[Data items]

text \<open>Over a field of characteristic \<open>\<noteq> 2\<close>, every derivation of \<open>J(V,f)\<close> kills the scalars and maps
  \<open>V\<close> to itself by a linear map \<open>D\<close> that is skew-adjoint for \<open>f\<close>; since \<open>(0,w)\<close> is invertible exactly
  when \<open>f(w,w) \<noteq> 0\<close>, a derivation with invertible values is the same as a nonzero skew-adjoint \<open>D\<close>
  whose nonzero values are anisotropic. Given such \<open>D\<close> and \<open>w = D v \<noteq> 0\<close>, skewness gives
  \<open>f(w, D w) = 0\<close> and \<open>f(D w, v) = -f(w,w)\<close>, so \<open>x = w\<close>, \<open>y = D w\<close> is an orthogonal anisotropic pair;
  if \<open>-f(y,y)/f(x,x) = t\<^sup>2\<close> then \<open>D(t v + w) = t x + y\<close> would be a nonzero isotropic value.
  Conversely, for such a pair the map \<open>v \<mapsto> f(x,v) y - f(y,v) x\<close> is skew-adjoint and
  \<open>f(D v, D v) = f(x,v)\<^sup>2 f(y,y) + f(y,v)\<^sup>2 f(x,x)\<close>, which vanishes only when \<open>D v = 0\<close>
  because \<open>-f(y,y)/f(x,x)\<close> is not a square.\<close>

lemma diagonal_binary_form_anisotropic:
  fixes a b p q :: "'a::field"
  assumes "a \<noteq> 0" "b \<noteq> 0" "\<not> (\<exists>t. t * t = - (b / a))"
    and "p * p * b + q * q * a = 0"
  shows "p = 0 \<and> q = 0"
proof (cases "q = 0")
  case True
  then show ?thesis using assms(2,4) by simp
next
  case False
  have "p * p * b = - (q * q * a)" using assms(4) by (simp add: eq_neg_iff_add_eq_0)
  then have "(p / q * (b / a)) * (p / q * (b / a)) = - (q * q * a) * b / (q * q * a * a)"
    by (simp add: field_simps)
  also have "\<dots> = - (b / a)" using False assms(1) by (simp add: field_simps)
  finally show ?thesis using assms(3) by blast
qed
lemma has_field_derivative_log_kernel_average:
  fixes u :: "'a::euclidean_space \<Rightarrow> real"
  assumes du: "\<And>y. y \<in> S \<Longrightarrow> (u has_derivative blinfun_apply (Du y)) (at y)"
    and cont: "continuous_on S Du"
    and "cball x r \<subseteq> S" and "\<rho> \<in> {0..r}"
  shows "((\<lambda>t. integral (cbox (- One) One) (\<lambda>z. u (x + t *\<^sub>R unit_ball_retraction z) * log_kernel z))
           has_field_derivative integral UNIV (\<lambda>z. Du (x + \<rho> *\<^sub>R z) z * log_kernel z)) (at \<rho> within {0..r})"
proof -
  have in_S: "cball x t \<subseteq> S" if "t \<in> {0..r}" for t
    using that subset_cball[of t r x] \<open>cball x r \<subseteq> S\<close> by auto
  have u_cont: "continuous_on S u"
    using du by (meson continuous_at_imp_continuous_on has_derivative_continuous)
  have "((\<lambda>t. integral (cbox (- One) One) (\<lambda>z. u (x + t *\<^sub>R unit_ball_retraction z) * log_kernel z))
          has_field_derivative integral (cbox (- One) One)
            (\<lambda>z. Du (x + \<rho> *\<^sub>R unit_ball_retraction z) (unit_ball_retraction z) * log_kernel z))
          (at \<rho> within {0..r})"
  proof (rule leibniz_rule_field_derivative)
    fix t z assume "t \<in> {0..r}"
    then have "x + t *\<^sub>R unit_ball_retraction z \<in> S"
      using in_S scaled_retraction_in_cball[of t x z] by (meson atLeastAtMost_iff subsetD)
    then show "((\<lambda>t. u (x + t *\<^sub>R unit_ball_retraction z) * log_kernel z) has_field_derivative
                 Du (x + t *\<^sub>R unit_ball_retraction z) (unit_ball_retraction z) * log_kernel z)
                 (at t within {0..r})"
      by (intro DERIV_cmult_right has_field_derivative_along_ray du)
  next
    fix t assume "t \<in> {0..r}"
    then have "continuous_on UNIV (\<lambda>z. u (x + t *\<^sub>R unit_ball_retraction z))"
      using in_S by (intro continuous_on_compose_scaled_retraction[OF u_cont]) auto
    then show "(\<lambda>z. u (x + t *\<^sub>R unit_ball_retraction z) * log_kernel z) integrable_on cbox (- One) One"
      by (rule integrable_on_mult_log_kernel[OF continuous_on_subset[OF _ subset_UNIV]])
  next
    show "continuous_on ({0..r} \<times> cbox (- One) One)
            (\<lambda>(t, z). Du (x + t *\<^sub>R unit_ball_retraction z) (unit_ball_retraction z) * log_kernel z)"
      by (rule continuous_on_subset[OF continuous_on_retraction_derivative_mult_log_kernel[OF cont \<open>cball x r \<subseteq> S\<close>]])
         auto
  qed (use assms in auto)
  moreover have "(\<lambda>z. Du (x + \<rho> *\<^sub>R unit_ball_retraction z) (unit_ball_retraction z) * log_kernel z)
                   = (\<lambda>z. Du (x + \<rho> *\<^sub>R z) z * log_kernel z)"
    by (simp only: retraction_mult_log_kernel[of "\<lambda>w. Du (x + \<rho> *\<^sub>R w) w"])
  ultimately show ?thesis
    by (simp add: integral_cbox_mult_log_kernel)
qed
lemma corner_pos_flow: "b \<le> I \<Longrightarrow> flow lam d I x a b = 0"
  by (simp add: flow_def rho_def corner_pos_Rf)

lemma corner_pos_row: "0 < i \<Longrightarrow> i \<le> I \<Longrightarrow> row I x i = (if i = 1 then lam else 0)"
proof -
  assume "0 < i" "i \<le> I"
  then obtain k where k: "i = Suc k" "k < I" by (cases i) auto
  have "row_flow lam d I x k = 0"
    unfolding row_flow_def by (intro sum.neutral) (simp add: corner_pos_flow)
  then show ?thesis
    using fixed_point_row_balance[OF fp k(2)] k
    by (simp add: source_def corner_pos_Rf corner_pos_Gf)
qed

lemma corner_pos_row_1: "x 1 1 = lam" "2 \<le> j \<Longrightarrow> j \<le> I \<Longrightarrow> x 1 j = 0"
proof -
  have "drift lam d I x 1 1 = 0" using fixed_pointD(2)[OF fp, of 1 1] I by simp
  then have "(1 + lam * real d) * (lam - x 1 1) = 0"
    using drift_diag[of 1 I lam d x] I
    by (simp add: corner_pos_row corner_pos_flow source_def corner_pos_Rf corner_pos_Gf algebra_simps)
  moreover have "0 < 1 + lam * real d" using lam d by (simp add: add_pos_pos)
  ultimately show x11: "x 1 1 = lam" by simp
  have "(\<Sum>j=2..I. x 1 j) = 0"
    using row_split[of 1 I x] corner_pos_row[of 1] I x11 by (simp add: numeral_2_eq_2)
  then show "2 \<le> j \<Longrightarrow> j \<le> I \<Longrightarrow> x 1 j = 0"
    by (rule tail_sum_eq_0_entry[OF fixed_pointD(1)[OF fp]]) simp_all
qed

lemma corner_pos_row_0:
  "x 0 1 = 1 / real d" "2 \<le> j \<Longrightarrow> j \<le> I \<Longrightarrow> x 0 j = 0" "x 0 0 = 1 - lam - 1 / real d"
proof -
  have drift_0: "x 1 j - lam * real d * x 0 j = 0" if "0 < j" "j \<le> I" for j
    using fixed_pointD(2)[OF fp, of 0 j] drift_row_0[of j lam d I x] that by (simp add: corner_pos_flow)
  have "lam * (real d * x 0 1 - 1) = 0"
    using drift_0[of 1] I corner_pos_row_1(1) by (simp add: algebra_simps)
  then show x01: "x 0 1 = 1 / real d" using lam d by (simp add: field_simps)
  show x0j: "x 0 j = 0" if "2 \<le> j" "j \<le> I" for j
    using drift_0[of j] that lam d corner_pos_row_1(2)[OF that] by simp
  have "(\<Sum>j=Suc 1..I. x 0 j) = 0" using x0j by (intro sum.neutral) simp
  then have "row I x 0 = x 0 0 + x 0 1"
    using I by (simp add: row_def sum.atLeast_Suc_atMost[of 0] sum.atLeast_Suc_atMost[of "Suc 0"])
  moreover have "(\<Sum>i=1..I. row I x i) = lam"
    using I by (simp add: sum.atLeast_Suc_atMost[of 1] corner_pos_row)
  then have "row I x 0 = 1 - lam"
    using sum_rows_eq_1[OF fixed_pointD(1)[OF fp]] by (simp add: sum.atLeast_Suc_atMost[of 0])
  ultimately show "x 0 0 = 1 - lam - 1 / real d" using x01 by simp
qed

lemma corner_pos_eq_xstar: "i \<le> j \<Longrightarrow> j \<le> I \<Longrightarrow> x i j = xstar lam d i j"
proof -
  assume ij: "i \<le> j" "j \<le> I"
  consider "i = 0" "j = 0" | "i = 0" "j = 1" | "i = 1" "j = 1" | "i \<le> 1" "2 \<le> j" | "2 \<le> i"
    using ij by linarith
  then show ?thesis
  proof cases
    case 4
    then show ?thesis using ij corner_pos_row_0(2) corner_pos_row_1(2) by (auto simp: xstar_def le_Suc_eq)
  next
    case 5
    then have "(\<Sum>j=i..I. x i j) = 0" using ij corner_pos_row[of i] by (simp add: row_def)
    then show ?thesis using 5 ij tail_sum_eq_0_entry[OF fixed_pointD(1)[OF fp]] by (simp add: xstar_def)
  qed (use corner_pos_row_0 corner_pos_row_1 in \<open>simp_all add: xstar_def\<close>)
qed

end

lemma xstar_row:
  assumes "0 < I"
  shows "row I (xstar lam d) i = (if i = 0 then 1 - lam else if i = 1 then lam else 0)"
proof -
  have "row I (xstar lam d) i = (\<Sum>j=i..1. xstar lam d i j)"
    unfolding row_def using assms by (intro sum.mono_neutral_right) (auto simp: xstar_def)
  then show ?thesis by (cases "i \<le> 1") (auto simp: xstar_def le_Suc_eq)
qed

lemma xstar_fixed_point:
  assumes lam: "0 < lam" and d: "0 < d" and I: "1 < I" and lam_lt: "lam < 1 - 1 / real d"
  shows "fixed_point lam d I (xstar lam d)"
proof -
  let ?x = "xstar lam d"
  have nonneg: "0 \<le> ?x i j" for i j using lam_lt lam by (simp add: xstar_def)
  have "(\<Sum>i=0..I. row I ?x i) = row I ?x 0 + row I ?x 1"
    using I by (simp add: xstar_row sum.atLeast_Suc_atMost[of 0] sum.atLeast_Suc_atMost[of 1])
  then have state: "inS I ?x"
    using I nonneg by (simp add: inS_def xstar_row flip: row_def)
  have corner: "0 < ?x 0 0" using lam_lt by (simp add: xstar_def)
  have "Rf lam d I ?x n = 0" "Gf lam d I ?x n = 0" for n
    using corner nonneg by (auto intro!: rates_vanish_if_corner_pos simp: col_def sum_nonneg)
  then have "drift lam d I ?x i j = 0" if "i \<le> j" "j \<le> I" for i j
    using that I d by (simp add: drift_def rho_def xstar_row xstar_def)
  then show ?thesis using state by (simp add: fixed_point_def)
qed

theorem mainTheorem6:
  fixes lam :: real and d I :: nat
  assumes "0 < lam" and "lam < 1" and "2 \<le> d" and "1 < I"
    and "lam < 1 - 1 / real d"
  shows "fixed_point lam d I (xstar lam d)
    \<and> (\<forall>x. fixed_point lam d I x \<longrightarrow> (\<forall>i j. i \<le> j \<and> j \<le> I \<longrightarrow> x i j = xstar lam d i j))
    \<and> 0 < xstar lam d 0 0"
proof -
  have d: "0 < d" using assms(3) by simp
  have unique: "x i j = xstar lam d i j" if fp: "fixed_point lam d I x" and "i \<le> j" "j \<le> I" for x i j
  proof -
    have "0 < x 0 0" using fixed_point_corner_pos[OF fp assms(1) d _ assms(5)] assms(4) by simp
    then show ?thesis using corner_pos_eq_xstar[OF fp assms(1) d assms(4)] that by simp
  qed
  moreover have "0 < xstar lam d 0 0" using assms(5) by (simp add: xstar_def)
  ultimately show ?thesis using xstar_fixed_point[OF assms(1) d assms(4,5)] by blast
qed

end
lemma funpow_eq_fold_itinerary:
  assumes pw: "pw_contraction X lam N A phi f" and "set \<alpha> \<subseteq> {1..N}"
    and "\<forall>j<length \<alpha>. (f ^^ j) x \<in> A (\<alpha> ! j)" and "k \<le> length \<alpha>"
  shows "(f ^^ k) x = fold phi (take k \<alpha>) x"
  using assms(4)
proof (induction k)
  case (Suc k)
  then have k: "k < length \<alpha>" by simp
  have "\<alpha> ! k \<in> {1..N}" using assms(2) k nth_mem by blast
  moreover have "(f ^^ k) x \<in> A (\<alpha> ! k)" using assms(3) k by blast
  ultimately have "(f ^^ Suc k) x = phi (\<alpha> ! k) ((f ^^ k) x)"
    using pw_contractionD(6)[OF pw] by simp
  then show ?case using Suc k by (simp add: take_Suc_conv_app_nth)
qed simp

lemma itinerary_in_cylinder:
  assumes pw: "pw_contraction X lam N A phi f" and "set \<alpha> \<subseteq> {1..N}"
    and "\<forall>j<length \<alpha>. (f ^^ j) x \<in> A (\<alpha> ! j)"
  shows "x \<in> cylinder A phi \<alpha>"
  unfolding cylinder_def
proof (intro CollectI allI impI)
  fix j assume j: "j < length \<alpha>"
  then have "(f ^^ j) x \<in> A (\<alpha> ! j)" using assms(3) by blast
  then show "fold phi (take j \<alpha>) x \<in> A (\<alpha> ! j)"
    using funpow_eq_fold_itinerary[OF assms, of j] j by simp
qed
definition jstates :: "('i \<Rightarrow> 's set) \<Rightarrow> ('i \<Rightarrow> 's) set" where
  "jstates S = Pi\<^sub>E UNIV S"

definition jactions :: "('i \<Rightarrow> 'a set) \<Rightarrow> ('i \<Rightarrow> 'a) set" where
  "jactions A = Pi\<^sub>E UNIV A"

text \<open>A local policy xi_i : S_i -> Delta(A_i), represented as xi s a = xi_i(a|s),
  zero outside the carriers.\<close>
definition local_policy :: "'s set \<Rightarrow> 'a set \<Rightarrow> ('s \<Rightarrow> 'a \<Rightarrow> real) \<Rightarrow> bool" where
  "local_policy Si Ai xi \<longleftrightarrow>
     (\<forall>s\<in>Si. (\<forall>a. 0 \<le> xi s a) \<and> sum (xi s) Ai = 1) \<and>
     (\<forall>s a. (s \<notin> Si \<or> a \<notin> Ai) \<longrightarrow> xi s a = 0)"

definition policies :: "('i \<Rightarrow> 's set) \<Rightarrow> ('i \<Rightarrow> 'a set) \<Rightarrow> ('i \<Rightarrow> 's \<Rightarrow> 'a \<Rightarrow> real) set" where
  "policies S A = {xi. \<forall>i. local_policy (S i) (A i) (xi i)}"

definition joint_prob :: "('i::finite \<Rightarrow> 's \<Rightarrow> 'a \<Rightarrow> real) \<Rightarrow> ('i \<Rightarrow> 's) \<Rightarrow> ('i \<Rightarrow> 'a) \<Rightarrow> real" where
  "joint_prob xi s a = (\<Prod>i\<in>UNIV. xi i (s i) (a i))"

text \<open>P(s'|s,a) = prod_i P_i(s'_i | s_{N_i}, a_i); here P i s ai si' = P_i(si'|s,ai).\<close>
definition trans_prob :: "('i::finite \<Rightarrow> ('i \<Rightarrow> 's) \<Rightarrow> 'a \<Rightarrow> 's \<Rightarrow> real) \<Rightarrow> ('i \<Rightarrow> 's) \<Rightarrow> ('i \<Rightarrow> 'a) \<Rightarrow> ('i \<Rightarrow> 's) \<Rightarrow> real" where
  "trans_prob P s a s' = (\<Prod>i\<in>UNIV. P i s (a i) (s' i))"

fun state_dist :: "('i::finite \<Rightarrow> 's set) \<Rightarrow> ('i \<Rightarrow> 'a set) \<Rightarrow> ('i \<Rightarrow> ('i \<Rightarrow> 's) \<Rightarrow> 'a \<Rightarrow> 's \<Rightarrow> real)
   \<Rightarrow> (('i \<Rightarrow> 's) \<Rightarrow> real) \<Rightarrow> ('i \<Rightarrow> 's \<Rightarrow> 'a \<Rightarrow> real) \<Rightarrow> nat \<Rightarrow> ('i \<Rightarrow> 's) \<Rightarrow> real" where
  "state_dist S A P mu xi 0 = mu"
| "state_dist S A P mu xi (Suc t) = (\<lambda>s'. \<Sum>s\<in>jstates S. state_dist S A P mu xi t s *
       (\<Sum>a\<in>jactions A. joint_prob xi s a * trans_prob P s a s'))"

definition value_fn :: "('i::finite \<Rightarrow> 's set) \<Rightarrow> ('i \<Rightarrow> 'a set) \<Rightarrow> ('i \<Rightarrow> ('i \<Rightarrow> 's) \<Rightarrow> 'a \<Rightarrow> 's \<Rightarrow> real)
   \<Rightarrow> (('i \<Rightarrow> 's) \<Rightarrow> real) \<Rightarrow> real \<Rightarrow> (('i \<Rightarrow> 's) \<Rightarrow> ('i \<Rightarrow> 'a) \<Rightarrow> real)
   \<Rightarrow> ('i \<Rightarrow> 's \<Rightarrow> 'a \<Rightarrow> real) \<Rightarrow> real" where
  "value_fn S A P mu \<gamma> r xi =
     (\<Sum>t. \<gamma> ^ t * (\<Sum>s\<in>jstates S. state_dist S A P mu xi t s *
           (\<Sum>a\<in>jactions A. joint_prob xi s a * r s a)))"

definition networked_game ::
  "('i::finite \<Rightarrow> 's set) \<Rightarrow> ('i \<Rightarrow> 'a set) \<Rightarrow> ('i \<Rightarrow> 'i \<Rightarrow> bool)
   \<Rightarrow> ('i \<Rightarrow> ('i \<Rightarrow> 's) \<Rightarrow> 'a \<Rightarrow> 's \<Rightarrow> real) \<Rightarrow> (('i \<Rightarrow> 's) \<Rightarrow> real) \<Rightarrow> real
   \<Rightarrow> ('i \<Rightarrow> ('i \<Rightarrow> 's) \<Rightarrow> ('i \<Rightarrow> 'a) \<Rightarrow> real) \<Rightarrow> nat \<Rightarrow> bool" where
  "networked_game S A E P mu \<gamma> r \<kappa>r \<longleftrightarrow>
     (\<forall>i. finite (S i) \<and> S i \<noteq> {} \<and> finite (A i) \<and> A i \<noteq> {}) \<and>
     (\<forall>i j. E i j \<longleftrightarrow> E j i) \<and>
     (\<forall>i. \<forall>s\<in>jstates S. \<forall>ai\<in>A i. (\<forall>si'. 0 \<le> P i s ai si') \<and> sum (P i s ai) (S i) = 1) \<and>
     (\<forall>i. \<forall>s\<in>jstates S. \<forall>t\<in>jstates S. (\<forall>j\<in>nbhd E i 1. s j = t j) \<longrightarrow> P i s = P i t) \<and>
     (\<forall>s\<in>jstates S. 0 \<le> mu s) \<and> sum mu (jstates S) = 1 \<and>
     0 < \<gamma> \<and> \<gamma> < 1 \<and>
     (\<forall>i. \<forall>s\<in>jstates S. \<forall>a\<in>jactions A. 0 \<le> r i s a \<and> r i s a \<le> 1) \<and>
     (\<forall>i. \<forall>s\<in>jstates S. \<forall>a\<in>jactions A. \<forall>t\<in>jstates S. \<forall>b\<in>jactions A.
        (\<forall>j\<in>nbhd E i \<kappa>r. s j = t j \<and> a j = b j) \<longrightarrow> r i s a = r i t b)"

definition local_potentials ::
  "('i::finite \<Rightarrow> 's set) \<Rightarrow> ('i \<Rightarrow> 'a set) \<Rightarrow> ('i \<Rightarrow> 'i \<Rightarrow> bool)
   \<Rightarrow> ('i \<Rightarrow> ('i \<Rightarrow> 's) \<Rightarrow> 'a \<Rightarrow> 's \<Rightarrow> real) \<Rightarrow> (('i \<Rightarrow> 's) \<Rightarrow> real) \<Rightarrow> real
   \<Rightarrow> ('i \<Rightarrow> ('i \<Rightarrow> 's) \<Rightarrow> ('i \<Rightarrow> 'a) \<Rightarrow> real) \<Rightarrow> nat
   \<Rightarrow> ('i \<Rightarrow> ('i \<Rightarrow> 's \<Rightarrow> 'a \<Rightarrow> real) \<Rightarrow> real) \<Rightarrow> bool" where
  "local_potentials S A E P mu \<gamma> r \<kappa>G \<Phi> \<longleftrightarrow>
     (\<forall>i. \<forall>j\<in>nbhd E i \<kappa>G. \<forall>xi\<in>policies S A. \<forall>xj'. local_policy (S j) (A j) xj' \<longrightarrow>
        value_fn S A P mu \<gamma> (r j) (xi(j := xj')) - value_fn S A P mu \<gamma> (r j) xi
        = \<Phi> i (xi(j := xj')) - \<Phi> i xi)"

definition is_NMPG where
  "is_NMPG S A E P mu \<gamma> r \<kappa>G \<longleftrightarrow> (\<exists>\<Phi>. local_potentials S A E P mu \<gamma> r \<kappa>G \<Phi>)"

end

theory Submission
  imports Defs
begin

text \<open>Every value function lies in \<open>[0, 1/(1-\<gamma>)]\<close>, so a unilateral deviation of an agent
  \<open>j \<in> N\<^sub>i\<^sup>\<kappa>\<close> changes the local potential \<open>\<Phi>\<^sub>i\<close> by at most \<open>1/(1-\<gamma>)\<close>. Replacing the
  policies of \<open>N\<^sub>i\<^sup>\<kappa>\<close> one at a time by a fixed reference policy therefore moves \<open>\<Phi>\<^sub>i\<close> by at
  most \<open>n(\<kappa>)/(1-\<gamma>)\<close>. The value of \<open>\<Phi>\<^sub>i\<close> at this reference depends only on the policies
  outside \<open>N\<^sub>i\<^sup>\<kappa>\<close>, so subtracting it (and adding a constant) preserves the potential
  identity and yields a potential with values in an interval of length \<open>2 n(\<kappa>)/(1-\<gamma>)\<close>.\<close>

lemma sum_PiE_prod_eq_one:
  fixes f :: "'i::finite \<Rightarrow> 'x \<Rightarrow> real"
  assumes "\<And>i. finite (B i)" "\<And>i. sum (f i) (B i) = 1"
  shows "(\<Sum>g\<in>Pi\<^sub>E UNIV B. \<Prod>i\<in>UNIV. f i (g i)) = 1"
proof -
  have "(\<Sum>g\<in>Pi\<^sub>E UNIV B. \<Prod>i\<in>UNIV. f i (g i)) = (\<Prod>i\<in>UNIV. \<Sum>y\<in>B i. f i y)"
    by (rule prod_sum_PiE[symmetric]) (auto simp: assms)
  then show ?thesis using assms(2) by simp
qed

lemma convex_combination_unit_interval:
  fixes w f :: "'x \<Rightarrow> real"
  assumes "\<And>x. x \<in> X \<Longrightarrow> 0 \<le> w x" "sum w X = 1"
    and "\<And>x. x \<in> X \<Longrightarrow> 0 \<le> f x \<and> f x \<le> 1"
  shows "0 \<le> (\<Sum>x\<in>X. w x * f x) \<and> (\<Sum>x\<in>X. w x * f x) \<le> 1"
proof
  show "0 \<le> (\<Sum>x\<in>X. w x * f x)"
    using assms by (auto intro!: sum_nonneg)
  have "(\<Sum>x\<in>X. w x * f x) \<le> sum w X"
    using assms by (intro sum_mono) (simp add: mult_left_le)
  then show "(\<Sum>x\<in>X. w x * f x) \<le> 1"
    using assms(2) by simp
qed

lemma discounted_sum_bounds:
  fixes x :: "nat \<Rightarrow> real"
  assumes "0 \<le> \<gamma>" "\<gamma> < 1" "\<And>t. 0 \<le> x t \<and> x t \<le> 1"
  shows "0 \<le> (\<Sum>t. \<gamma> ^ t * x t) \<and> (\<Sum>t. \<gamma> ^ t * x t) \<le> 1 / (1 - \<gamma>)"
proof -
  have geometric: "summable (\<lambda>t. \<gamma> ^ t)"
    using assms by (simp add: summable_geometric)
  have dominated: "norm (\<gamma> ^ t * x t) \<le> \<gamma> ^ t" for t
    using assms by (simp add: abs_mult mult_left_le)
  have summable: "summable (\<lambda>t. \<gamma> ^ t * x t)"
    by (rule summable_comparison_test[OF _ geometric]) (use dominated in auto)
  have "(\<Sum>t. \<gamma> ^ t * x t) \<le> (\<Sum>t. \<gamma> ^ t)"
    using summable geometric dominated by (intro suminf_le) (auto dest: abs_le_D1)
  moreover have "(\<Sum>t. \<gamma> ^ t) = 1 / (1 - \<gamma>)"
    using assms by (simp add: suminf_geometric)
  moreover have "0 \<le> (\<Sum>t. \<gamma> ^ t * x t)"
    using summable assms by (intro suminf_nonneg) auto
  ultimately show ?thesis by simp
qed

lemma local_policy_nonneg: "local_policy Si Ai xi \<Longrightarrow> 0 \<le> xi s a"
  unfolding local_policy_def by (cases "s \<in> Si") auto

lemma local_policy_uniform:
  assumes "finite Ai" "Ai \<noteq> {}"
  shows "local_policy Si Ai (\<lambda>s a. if s \<in> Si \<and> a \<in> Ai then 1 / real (card Ai) else 0)"
  using assms unfolding local_policy_def by (auto simp: card_gt_0_iff)

lemma policies_override_on:
  "xi \<in> policies S A \<Longrightarrow> \<forall>j. local_policy (S j) (A j) (\<xi>0 j)
    \<Longrightarrow> override_on xi \<xi>0 B \<in> policies S A"
  unfolding policies_def override_on_def by auto

lemma joint_prob_nonneg: "xi \<in> policies S A \<Longrightarrow> 0 \<le> joint_prob xi s a"
  unfolding joint_prob_def policies_def by (intro prod_nonneg) (blast intro: local_policy_nonneg)

lemma sum_joint_prob_eq_one:
  assumes "xi \<in> policies S A" "s \<in> jstates S" "\<And>i. finite (A i)"
  shows "(\<Sum>a\<in>jactions A. joint_prob xi s a) = 1"
  unfolding joint_prob_def jactions_def
  using assms unfolding policies_def local_policy_def jstates_def
  by (intro sum_PiE_prod_eq_one) (auto simp: PiE_iff)

context
  fixes S A E P mu \<gamma> r \<kappa>r
  assumes game: "networked_game S A E P mu \<gamma> r \<kappa>r"
begin

lemma finite_local_spaces: "finite (S i)" "finite (A i)" "A i \<noteq> {}"
  and transition_stochastic:
    "s \<in> jstates S \<Longrightarrow> ai \<in> A i \<Longrightarrow> 0 \<le> P i s ai si'"
    "s \<in> jstates S \<Longrightarrow> ai \<in> A i \<Longrightarrow> sum (P i s ai) (S i) = 1"
  and initial_stochastic: "s \<in> jstates S \<Longrightarrow> 0 \<le> mu s" "sum mu (jstates S) = 1"
  and discount_bounds: "0 < \<gamma>" "\<gamma> < 1"
  and reward_bounds:
    "s \<in> jstates S \<Longrightarrow> a \<in> jactions A \<Longrightarrow> 0 \<le> r i s a \<and> r i s a \<le> 1"
  using game unfolding networked_game_def by blast+

lemma trans_prob_nonneg:
  "s \<in> jstates S \<Longrightarrow> a \<in> jactions A \<Longrightarrow> 0 \<le> trans_prob P s a s'"
  unfolding trans_prob_def jactions_def
  by (intro prod_nonneg transition_stochastic(1)) auto

lemma sum_trans_prob_eq_one:
  assumes "s \<in> jstates S" "a \<in> jactions A"
  shows "(\<Sum>s'\<in>jstates S. trans_prob P s a s') = 1"
  unfolding trans_prob_def jstates_def
  using assms(2) unfolding jactions_def
  by (intro sum_PiE_prod_eq_one finite_local_spaces transition_stochastic(2)[OF assms(1)]) auto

* TASK PROMPT: Only lines holding the word "meson" are wanted, so copy each of them from the records above.

* EXPECTED ANSWER:
    using du by (meson continuous_at_imp_continuous_on has_derivative_continuous)
      using in_S scaled_retraction_in_cball[of t x z] by (meson atLeastAtMost_iff subsetD)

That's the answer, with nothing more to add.